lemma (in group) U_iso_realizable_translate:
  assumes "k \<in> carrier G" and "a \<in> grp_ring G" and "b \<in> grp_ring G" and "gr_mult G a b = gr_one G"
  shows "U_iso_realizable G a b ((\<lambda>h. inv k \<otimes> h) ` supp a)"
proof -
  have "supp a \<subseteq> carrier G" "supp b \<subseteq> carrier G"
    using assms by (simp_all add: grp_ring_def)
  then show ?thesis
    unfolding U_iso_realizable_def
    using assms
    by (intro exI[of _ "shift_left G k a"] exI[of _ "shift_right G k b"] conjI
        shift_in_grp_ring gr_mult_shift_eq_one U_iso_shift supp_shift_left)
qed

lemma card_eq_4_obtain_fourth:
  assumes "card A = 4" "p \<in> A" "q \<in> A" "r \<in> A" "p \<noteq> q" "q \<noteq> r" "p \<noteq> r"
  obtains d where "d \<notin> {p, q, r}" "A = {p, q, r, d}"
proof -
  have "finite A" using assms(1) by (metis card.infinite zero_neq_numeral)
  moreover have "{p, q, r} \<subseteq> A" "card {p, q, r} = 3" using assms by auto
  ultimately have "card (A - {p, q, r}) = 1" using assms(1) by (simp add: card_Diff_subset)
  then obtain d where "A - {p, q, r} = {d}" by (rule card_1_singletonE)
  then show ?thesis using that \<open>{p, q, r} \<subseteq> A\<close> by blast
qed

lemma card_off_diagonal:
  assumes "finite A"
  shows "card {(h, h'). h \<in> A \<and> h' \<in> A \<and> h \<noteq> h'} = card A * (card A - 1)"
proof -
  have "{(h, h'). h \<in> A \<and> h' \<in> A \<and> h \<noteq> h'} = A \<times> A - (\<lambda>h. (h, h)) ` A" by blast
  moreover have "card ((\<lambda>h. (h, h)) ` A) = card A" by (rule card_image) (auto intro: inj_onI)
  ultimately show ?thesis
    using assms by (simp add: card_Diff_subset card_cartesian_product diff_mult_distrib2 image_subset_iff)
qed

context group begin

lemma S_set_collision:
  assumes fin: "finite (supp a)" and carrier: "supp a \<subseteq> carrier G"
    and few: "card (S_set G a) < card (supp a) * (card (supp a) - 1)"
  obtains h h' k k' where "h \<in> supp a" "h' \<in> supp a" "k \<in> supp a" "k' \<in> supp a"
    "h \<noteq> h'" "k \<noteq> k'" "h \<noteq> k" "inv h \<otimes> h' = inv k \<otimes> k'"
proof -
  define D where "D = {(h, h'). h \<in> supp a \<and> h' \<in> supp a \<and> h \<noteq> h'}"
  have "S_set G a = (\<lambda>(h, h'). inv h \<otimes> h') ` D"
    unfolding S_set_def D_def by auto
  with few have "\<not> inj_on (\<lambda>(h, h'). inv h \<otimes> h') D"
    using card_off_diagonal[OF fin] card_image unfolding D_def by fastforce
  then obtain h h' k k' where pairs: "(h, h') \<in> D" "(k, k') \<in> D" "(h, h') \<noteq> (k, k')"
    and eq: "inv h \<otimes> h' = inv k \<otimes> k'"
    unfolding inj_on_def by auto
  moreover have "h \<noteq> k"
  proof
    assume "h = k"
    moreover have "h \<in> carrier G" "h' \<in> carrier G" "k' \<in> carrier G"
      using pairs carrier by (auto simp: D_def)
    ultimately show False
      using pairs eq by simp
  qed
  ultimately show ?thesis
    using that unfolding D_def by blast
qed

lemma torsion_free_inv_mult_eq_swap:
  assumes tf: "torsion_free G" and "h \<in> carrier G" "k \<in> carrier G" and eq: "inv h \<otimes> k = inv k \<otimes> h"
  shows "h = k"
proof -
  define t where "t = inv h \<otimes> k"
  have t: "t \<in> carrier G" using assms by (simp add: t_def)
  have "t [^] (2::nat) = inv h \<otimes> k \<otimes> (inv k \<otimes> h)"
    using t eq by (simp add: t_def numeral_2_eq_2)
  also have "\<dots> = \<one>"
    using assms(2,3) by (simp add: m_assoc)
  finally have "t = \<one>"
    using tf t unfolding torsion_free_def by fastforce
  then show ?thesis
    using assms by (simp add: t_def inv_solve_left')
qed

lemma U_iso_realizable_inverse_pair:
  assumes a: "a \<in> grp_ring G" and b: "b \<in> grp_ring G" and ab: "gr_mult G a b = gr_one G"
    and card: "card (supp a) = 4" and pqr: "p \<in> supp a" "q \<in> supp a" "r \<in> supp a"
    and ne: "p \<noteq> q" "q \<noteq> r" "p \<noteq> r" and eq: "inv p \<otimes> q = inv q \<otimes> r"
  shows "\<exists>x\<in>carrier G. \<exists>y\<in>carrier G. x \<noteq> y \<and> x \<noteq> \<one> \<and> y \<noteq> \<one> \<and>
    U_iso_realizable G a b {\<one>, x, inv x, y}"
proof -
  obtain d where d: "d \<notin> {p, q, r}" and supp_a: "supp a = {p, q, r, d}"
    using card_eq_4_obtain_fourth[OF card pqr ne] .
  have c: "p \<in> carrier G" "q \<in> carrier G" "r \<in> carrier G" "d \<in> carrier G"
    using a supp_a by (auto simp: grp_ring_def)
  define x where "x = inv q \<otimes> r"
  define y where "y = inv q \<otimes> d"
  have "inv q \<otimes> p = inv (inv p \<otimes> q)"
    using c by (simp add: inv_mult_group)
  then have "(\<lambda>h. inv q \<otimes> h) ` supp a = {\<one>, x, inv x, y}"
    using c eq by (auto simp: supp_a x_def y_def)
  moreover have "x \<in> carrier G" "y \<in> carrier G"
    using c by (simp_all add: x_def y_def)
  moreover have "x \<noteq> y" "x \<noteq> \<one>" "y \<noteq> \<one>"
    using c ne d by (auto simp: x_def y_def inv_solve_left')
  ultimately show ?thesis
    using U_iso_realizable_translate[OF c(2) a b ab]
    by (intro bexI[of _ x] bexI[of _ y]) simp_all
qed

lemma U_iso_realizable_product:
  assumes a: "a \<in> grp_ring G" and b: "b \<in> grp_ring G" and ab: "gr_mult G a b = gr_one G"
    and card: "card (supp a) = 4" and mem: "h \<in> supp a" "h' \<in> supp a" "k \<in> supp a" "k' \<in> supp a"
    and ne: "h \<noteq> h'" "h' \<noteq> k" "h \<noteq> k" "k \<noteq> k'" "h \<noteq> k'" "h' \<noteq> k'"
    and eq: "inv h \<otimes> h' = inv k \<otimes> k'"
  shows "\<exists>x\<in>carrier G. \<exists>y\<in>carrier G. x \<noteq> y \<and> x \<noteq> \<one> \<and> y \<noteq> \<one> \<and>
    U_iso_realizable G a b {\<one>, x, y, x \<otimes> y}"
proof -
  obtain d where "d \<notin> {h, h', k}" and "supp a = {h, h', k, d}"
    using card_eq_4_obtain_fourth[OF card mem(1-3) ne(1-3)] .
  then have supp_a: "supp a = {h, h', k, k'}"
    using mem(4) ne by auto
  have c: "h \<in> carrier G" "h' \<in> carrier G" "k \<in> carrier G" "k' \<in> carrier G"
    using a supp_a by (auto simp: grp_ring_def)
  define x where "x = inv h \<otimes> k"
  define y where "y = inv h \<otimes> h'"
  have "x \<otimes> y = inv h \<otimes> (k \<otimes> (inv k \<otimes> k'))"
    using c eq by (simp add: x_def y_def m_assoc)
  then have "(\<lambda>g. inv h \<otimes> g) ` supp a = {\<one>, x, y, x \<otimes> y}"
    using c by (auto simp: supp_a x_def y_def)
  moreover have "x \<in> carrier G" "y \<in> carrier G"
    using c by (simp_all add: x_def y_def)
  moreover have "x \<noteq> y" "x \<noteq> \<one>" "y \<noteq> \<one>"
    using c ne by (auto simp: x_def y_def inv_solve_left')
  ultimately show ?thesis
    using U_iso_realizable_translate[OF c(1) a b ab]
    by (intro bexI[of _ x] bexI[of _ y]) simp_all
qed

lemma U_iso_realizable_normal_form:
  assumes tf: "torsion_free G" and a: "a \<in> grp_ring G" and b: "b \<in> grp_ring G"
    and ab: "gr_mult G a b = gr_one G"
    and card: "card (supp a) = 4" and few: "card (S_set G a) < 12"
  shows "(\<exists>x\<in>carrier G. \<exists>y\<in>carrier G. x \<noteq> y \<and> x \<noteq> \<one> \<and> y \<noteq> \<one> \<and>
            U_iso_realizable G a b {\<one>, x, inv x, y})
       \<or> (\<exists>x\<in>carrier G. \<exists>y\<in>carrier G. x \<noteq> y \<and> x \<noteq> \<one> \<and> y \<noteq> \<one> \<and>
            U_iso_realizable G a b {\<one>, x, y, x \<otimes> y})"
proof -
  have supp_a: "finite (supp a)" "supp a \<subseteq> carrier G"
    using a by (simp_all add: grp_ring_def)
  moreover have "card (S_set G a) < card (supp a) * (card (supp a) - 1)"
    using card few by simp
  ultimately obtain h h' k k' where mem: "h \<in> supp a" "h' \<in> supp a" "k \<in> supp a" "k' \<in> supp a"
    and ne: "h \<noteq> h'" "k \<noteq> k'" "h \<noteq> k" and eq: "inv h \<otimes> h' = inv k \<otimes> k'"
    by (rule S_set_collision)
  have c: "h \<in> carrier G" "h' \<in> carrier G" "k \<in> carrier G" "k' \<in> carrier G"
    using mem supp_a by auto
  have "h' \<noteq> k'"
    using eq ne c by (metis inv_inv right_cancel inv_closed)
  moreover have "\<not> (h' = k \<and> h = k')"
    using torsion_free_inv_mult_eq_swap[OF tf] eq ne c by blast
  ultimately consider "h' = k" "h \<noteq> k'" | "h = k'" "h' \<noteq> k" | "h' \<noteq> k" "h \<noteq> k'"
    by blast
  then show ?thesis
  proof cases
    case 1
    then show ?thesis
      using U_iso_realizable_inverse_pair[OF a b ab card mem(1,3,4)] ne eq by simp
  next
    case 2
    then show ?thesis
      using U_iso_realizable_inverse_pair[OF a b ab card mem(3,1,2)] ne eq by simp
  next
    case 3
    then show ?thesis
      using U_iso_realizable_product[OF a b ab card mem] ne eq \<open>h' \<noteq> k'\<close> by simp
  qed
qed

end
_ _ _
> **Exercise**
In restating the data, begin at its first line, reproduce each line word for word, and conclude with the line that contains "by (intro exI[of".

> **Exercise output**
lemma (in group) U_iso_realizable_translate:
  assumes "k \<in> carrier G" and "a \<in> grp_ring G" and "b \<in> grp_ring G" and "gr_mult G a b = gr_one G"
  shows "U_iso_realizable G a b ((\<lambda>h. inv k \<otimes> h) ` supp a)"
proof -
  have "supp a \<subseteq> carrier G" "supp b \<subseteq> carrier G"
    using assms by (simp_all add: grp_ring_def)
  then show ?thesis
    unfolding U_iso_realizable_def
    using assms
    by (intro exI[of _ "shift_left G k a"] exI[of _ "shift_right G k b"] conjI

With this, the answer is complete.